Award Abstract # 1443054
CIF21 DIBBs: Middleware and High Performance Analytics Libraries for Scalable Data Science

NSF Org: OAC
Office of Advanced Cyberinfrastructure (OAC)
Recipient: TRUSTEES OF INDIANA UNIVERSITY
Initial Amendment Date: September 5, 2014
Latest Amendment Date: June 2, 2020
Award Number: 1443054
Award Instrument: Standard Grant
Program Manager: Amy Walton
awalton@nsf.gov
 (703)292-4538
OAC
 Office of Advanced Cyberinfrastructure (OAC)
CSE
 Directorate for Computer and Information Science and Engineering
Start Date: October 1, 2014
End Date: September 30, 2021 (Estimated)
Total Intended Award Amount: $5,000,000.00
Total Awarded Amount to Date: $5,283,170.00
Funds Obligated to Date: FY 2014 = $5,000,000.00
FY 2015 = $51,969.00

FY 2016 = $49,894.00

FY 2017 = $52,395.00

FY 2018 = $53,785.00

FY 2019 = $55,127.00

FY 2020 = $20,000.00
History of Investigator:
  • Geoffrey Fox (Principal Investigator)
    vxj6mb@virginia.edu
  • Madhav Marathe (Co-Principal Investigator)
  • Shantenu Jha (Co-Principal Investigator)
  • Judy Fox (Co-Principal Investigator)
  • Fusheng Wang (Co-Principal Investigator)
Recipient Sponsored Research Office: Indiana University
107 S INDIANA AVE
BLOOMINGTON
IN  US  47405-7000
(317)278-3473
Sponsor Congressional District: 09
Primary Place of Performance: Indiana University
901 E. 10th Street
Bloomington
IN  US  47408-3912
Primary Place of Performance
Congressional District:
09
Unique Entity Identifier (UEI): YH86RTW2YVJ4
Parent UEI:
NSF Program(s): Tribal College & Univers Prog,
EDUCATION AND WORKFORCE,
Data Cyberinfrastructure
Primary Program Source: 01001415DB NSF RESEARCH & RELATED ACTIVIT
01001516DB NSF RESEARCH & RELATED ACTIVIT

01001617DB NSF RESEARCH & RELATED ACTIVIT

01001718DB NSF RESEARCH & RELATED ACTIVIT

01001819DB NSF RESEARCH & RELATED ACTIVIT

01001920DB NSF RESEARCH & RELATED ACTIVIT

04002021DB NSF Education & Human Resource
Program Reference Code(s): 7433, 8048, 9251
Program Element Code(s): 174400, 736100, 772600
Award Agency Code: 4900
Fund Agency Code: 4900
Assistance Listing Number(s): 47.070

ABSTRACT

Many scientific problems depend on the ability to analyze and compute on large amounts of data.
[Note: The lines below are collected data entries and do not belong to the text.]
fun creation :: "fock_vec \<Rightarrow> fock_vec" where
  "creation F [] = 0"
| "creation F (x # xs) =
     (if x \<in> {0..1} \<and> in_X (x # xs) then F xs else 0)"

fun annihilation :: "fock_vec \<Rightarrow> fock_vec" where
  "annihilation F [] = integral {0..1} (\<lambda>x. F [x])"
| "annihilation F (y # ys) =
     (if in_X (y # ys) then
        (if in_X1 (y # ys) then integral {0..y} (\<lambda>x. F (x # y # ys)) else 0)
        + integral {y..1} (\<lambda>x. F (x # y # ys))
      else 0)"

definition omega :: "fock_vec \<Rightarrow> fock_vec" where
  "omega F = (\<lambda>xs. creation F xs + annihilation F xs)"

(* vacuum state phi(T) = <T Lambda, Lambda>, i.e. the Lambda-coefficient of T Lambda *)
definition vacuum_state :: "(fock_vec \<Rightarrow> fock_vec) \<Rightarrow> real" where
  "vacuum_state T = T vac []"

fun Qpoly :: "nat \<Rightarrow> real \<Rightarrow> real" where
  "Qpoly 0 = (\<lambda>x. 1)"
| "Qpoly (Suc n) = (\<lambda>x. \<Sum>m\<le>n. integral {x..1} (Qpoly m) * Qpoly (n - m) x)"

fun Ppoly :: "nat \<Rightarrow> real \<Rightarrow> real" where
  "Ppoly 0 = (\<lambda>x. 1)"
| "Ppoly (Suc n) = (\<lambda>x. \<Sum>m\<le>n.
      (integral {0..x} (Ppoly m) + integral {x..1} (Qpoly m)) * Ppoly (n - m) x)"
(* Let $(X,\mathcal{A})$ be a measurable space, $f,g\in\mathcal{F}_{[0,1]}^{(X,\mathcal{A})}$ comonotone, and $\star:[0,1]^2\to[0,1]$ continuous, non-decreasing in both arguments and bounded from above by the minimum ($a\star b\le\min(a,b)$). Then for every monotone measure $m$ on $(X,\mathcal{A})$ with $m(X)=1$ and all $\alpha,\beta,\gamma,\lambda,\upsilon,\tau\in(0,\infty)$ with $0<\alpha\lambda\le1$, $\beta\upsilon\ge1$, $\gamma\tau\ge1$, $\lambda\le\tau$ and $\lambda\le\upsilon$, \[ \big[\mathbf{Su}(m,(f\star g)^{\alpha})\big]^{\lambda}\ \ge\ \big[\mathbf{Su}(m,f^{\beta})\big]^{\upsilon}\star\big[\mathbf{Su}(m,g^{\gamma})\big]^{\tau}. \]
   Context: A monotone measure on $(X,\mathcal{A})$ is $m:\mathcal{A}\to[0,\infty]$ with $m(\emptyset)=0$, $m(X)>0$, $m(A)\le m(B)$ for $A\subseteq B$. $\mathcal{F}_{[0,1]}^{(X,\mathcal{A})}$ is the set of $\mathcal{A}$-measurable $f:X\to[0,1]$. The Sugeno integral is $\mathbf{Su}(m,f)=\sup\{\min(t,m(\{f\ge t\})) : t\in(0,\infty]\}$. $f,g$ are comonotone if $(f(x)-f(y))(g(x)-g(y))\ge0$ for all $x,y$. Operations on functions are pointwise. *)

theory Defs
  imports "HOL-Analysis.Analysis"
begin

definition monotone_measure :: "'a measure \<Rightarrow> ('a set \<Rightarrow> ennreal) \<Rightarrow> bool" where
  "monotone_measure M m \<longleftrightarrow> m {} = 0 \<and> m (space M) > 0 \<and>
     (\<forall>A\<in>sets M. \<forall>B\<in>sets M. A \<subseteq> B \<longrightarrow> m A \<le> m B)"

definition unit_funs :: "'a measure \<Rightarrow> ('a \<Rightarrow> real) set" where
  "unit_funs M = {f. f \<in> borel_measurable M \<and> (\<forall>x\<in>space M. 0 \<le> f x \<and> f x \<le> 1)}"

definition sugeno :: "'a measure \<Rightarrow> ('a set \<Rightarrow> ennreal) \<Rightarrow> ('a \<Rightarrow> real) \<Rightarrow> ennreal" where
  "sugeno M m f = (SUP t\<in>{0<..}. min t (m {x\<in>space M. t \<le> ennreal (f x)}))"

definition comonotone :: "'a measure \<Rightarrow> ('a \<Rightarrow> real) \<Rightarrow> ('a \<Rightarrow> real) \<Rightarrow> bool" where
  "comonotone M f g \<longleftrightarrow> (\<forall>x\<in>space M. \<forall>y\<in>space M. (f x - f y) * (g x - g y) \<ge> 0)"

end

theory Submission
  imports Defs
begin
This analysis often does not scale well; its effectiveness is hampered by the increasing volume, variety and rate of change (velocity) of big data. This project will design, develop and implement building blocks that enable a fundamental improvement in the ability to support data intensive analysis on a broad range of cyberinfrastructure, including that supported by NSF for the scientific community. The project will integrate features of traditional high-performance computing, such as scientific libraries, communication and resource management middleware, with the rich set of capabilities found in the commercial Big Data ecosystem. The latter includes many important software systems such as Hadoop, available from the Apache open source community. A collaboration between university teams at Arizona, Emory, Indiana (lead), Kansas, Rutgers, Virginia Tech, and Utah provides the broad expertise needed to design and successfully execute the project. The project will engage scientists and educators with annual workshops and activities at discipline-specific meetings, both to gather requirements for and feedback on its software. It will include under-represented communities with summer experiences, and will develop curriculum modules that include demonstrations built as 'Data Analytics as a Service.'

The project will design and implement a software Middleware for Data-Intensive Analytics and Science (MIDAS) that will enable scalable applications with the performance of HPC (High Performance Computing) and the rich functionality of the commodity Apache Big Data Stack. Further, this project will design and implement a set of cross-cutting high-performance data-analysis libraries; SPIDAL (Scalable Parallel Interoperable Data Analytics Library) will support new programming and execution models for data-intensive analysis in a wide range of science and engineering applications. The project addresses major data challenges in seven different communities: Biomolecular Simulations, Network and Computational Social Science, Epidemiology, Computer Vision, Spatial Geographical Information Systems, Remote Sensing for Polar Science, and Pathology Informatics. The project libraries will have the same beneficial impact on data analytics that scientific libraries such as PETSc, MPI and ScaLAPACK have had for supercomputer simulations. These libraries will be implemented to be scalable and interoperable across a range of computing systems including clouds, clusters and supercomputers.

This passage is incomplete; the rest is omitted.